_Task objective_
Return all lines in the data where the string "that" can be found.

_Provided records_
Start of Block
lemma sum_norm_form_lift:
  assumes n: "1 \<le> n" and s: "s \<in> \<O>" "\<not> dvd2 1 s" and ab: "a \<in> \<O>" "b \<in> \<O>"
  shows "(\<Sum>r1\<in>digits. \<Sum>r2\<in>digits. of_bool (dvd2 (Suc n) (norm_form (a + 2 ^ n * r1) (b + 2 ^ n * r2) - s)))
       = q * of_bool (dvd2 n (norm_form a b - s))"
proof -
  define D where "D r1 r2 = 2 * (a * r1 - u * b * r2) + 2 ^ n * norm_form r1 r2" for r1 r2
  have expand: "norm_form (a + 2 ^ n * r1) (b + 2 ^ n * r2) - s
      = (norm_form a b - s) + 2 ^ n * ((b * r1 + a * r2) + D r1 r2)" for r1 r2
    unfolding norm_form_add D_def by (simp add: algebra_simps)
  have D: "b * r1 + a * r2 \<in> \<O>" "dvd2 1 (D r1 r2)" if "r1 \<in> digits" "r2 \<in> digits" for r1 r2
  proof -
    have r: "r1 \<in> \<O>" "r2 \<in> \<O>"
      using that digits_integral by auto
    then show "b * r1 + a * r2 \<in> \<O>"
      using ab by (intro integral_intros)
    have "dvd2 n (2 ^ n * norm_form r1 r2)"
      using r norm_form_integral dvd2_two_power_mult by blast
    then have "dvd2 1 (2 ^ n * norm_form r1 r2)"
      using n dvd2_mono by blast
    moreover have "dvd2 1 (2 * (a * r1 - u * b * r2))"
      using r ab u_integral by (intro dvd2_two_mult integral_intros)
    ultimately show "dvd2 1 (D r1 r2)"
      unfolding D_def by (rule dvd2_add[rotated])
  qed
  show ?thesis
  proof (cases "dvd2 n (norm_form a b - s)")
    case False
    have "\<not> dvd2 (Suc n) (norm_form (a + 2 ^ n * r1) (b + 2 ^ n * r2) - s)"
      if "r1 \<in> digits" "r2 \<in> digits" for r1 r2
    proof -
      have "(b * r1 + a * r2) + D r1 r2 \<in> \<O>"
        using D[OF that] dvd2_integral integral_add by blast
      then show ?thesis
        unfolding expand by (rule not_dvd2_Suc_add_two_power_mult[OF False])
    qed
    then show ?thesis
      using False by simp
  next
    case True
    then obtain e where e: "e \<in> \<O>" "norm_form a b - s = 2 ^ n * e"
      using dvd2D by blast
    have "dvd2 (Suc n) (norm_form (a + 2 ^ n * r1) (b + 2 ^ n * r2) - s) \<longleftrightarrow> dvd2 1 (e + b * r1 + a * r2)"
      if "r1 \<in> digits" "r2 \<in> digits" for r1 r2
    proof -
      have eq: "norm_form (a + 2 ^ n * r1) (b + 2 ^ n * r2) - s = 2 ^ n * ((e + b * r1 + a * r2) + D r1 r2)"
        unfolding expand e(2) by (simp add: algebra_simps)
      show ?thesis
        unfolding eq by (rule dvd2_Suc_two_power_mult_add_iff[OF D(2)[OF that]])
    qed
    then have "(\<Sum>r1\<in>digits. \<Sum>r2\<in>digits. of_bool (dvd2 (Suc n) (norm_form (a + 2 ^ n * r1) (b + 2 ^ n * r2) - s)))
        = (\<Sum>r1\<in>digits. \<Sum>r2\<in>digits. of_bool (dvd2 1 (e + b * r1 + a * r2)) :: nat)"
      by (simp del: sum_of_bool_eq cong: sum.cong_simp)
    also have "\<dots> = q"
    proof (rule sum2_digits_linear[OF e(1) ab])
      have "dvd2 1 (norm_form a b - s)"
        using True n by (rule dvd2_mono)
      then show "\<not> (dvd2 1 a \<and> dvd2 1 b)"
        using not_both_dvd2_if_norm_form_unit s ab by blast
    qed
    finally show ?thesis
      using True by simp
  qed
qed

lemma sol_count_norm_form_unit:
  assumes "s \<in> \<O>" "\<not> dvd2 1 s"
  shows "sol_count (Suc m) norm_form s = q ^ m * (q + 1)"
proof (induction m)
  case 0
  have "sol_count 1 norm_form s = q + 1"
    by (rule sol_count_norm_form_level_one[OF assms])
  then show ?case
    by (simp only: One_nat_def[symmetric] power_0 mult_1)
next
  case (Suc m)
  have lift: "(\<Sum>r1\<in>digits. \<Sum>r2\<in>digits.
      of_bool (dvd2 (Suc (Suc m)) (norm_form (a + 2 ^ Suc m * r1) (b + 2 ^ Suc m * r2) - s)))
      = q * of_bool (dvd2 (Suc m) (norm_form a b - s))" if "a \<in> reps (Suc m)" "b \<in> reps (Suc m)" for a b
    by (rule sum_norm_form_lift[OF _ assms subsetD[OF reps_integral that(1)] subsetD[OF reps_integral that(2)]]) simp
  have "sol_count (Suc (Suc m)) norm_form s
      = (\<Sum>a\<in>reps (Suc m). \<Sum>b\<in>reps (Suc m). \<Sum>r1\<in>digits. \<Sum>r2\<in>digits.
          of_bool (dvd2 (Suc (Suc m)) (norm_form (a + 2 ^ Suc m * r1) (b + 2 ^ Suc m * r2) - s)))"
    unfolding sol_count_def by (rule sum2_reps_Suc)
  also have "\<dots> = (\<Sum>a\<in>reps (Suc m). \<Sum>b\<in>reps (Suc m). q * of_bool (dvd2 (Suc m) (norm_form a b - s)))"
    using lift by (simp del: sum_of_bool_eq cong: sum.cong_simp)
  also have "\<dots> = q * sol_count (Suc m) norm_form s"
    by (simp add: sol_count_def sum_distrib_left del: sum_of_bool_eq)
  finally show ?case
    using Suc.IH by (simp add: algebra_simps)
qed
End of Block
_Solution_
      using that digits_integral by auto
        using D[OF that] dvd2_integral integral_add by blast
        unfolding eq by (rule dvd2_Suc_two_power_mult_add_iff[OF D(2)[OF that]])
    by (rule sum_norm_form_lift[OF _ assms subsetD[OF reps_integral that(1)] subsetD[OF reps_integral that(2)]]) simp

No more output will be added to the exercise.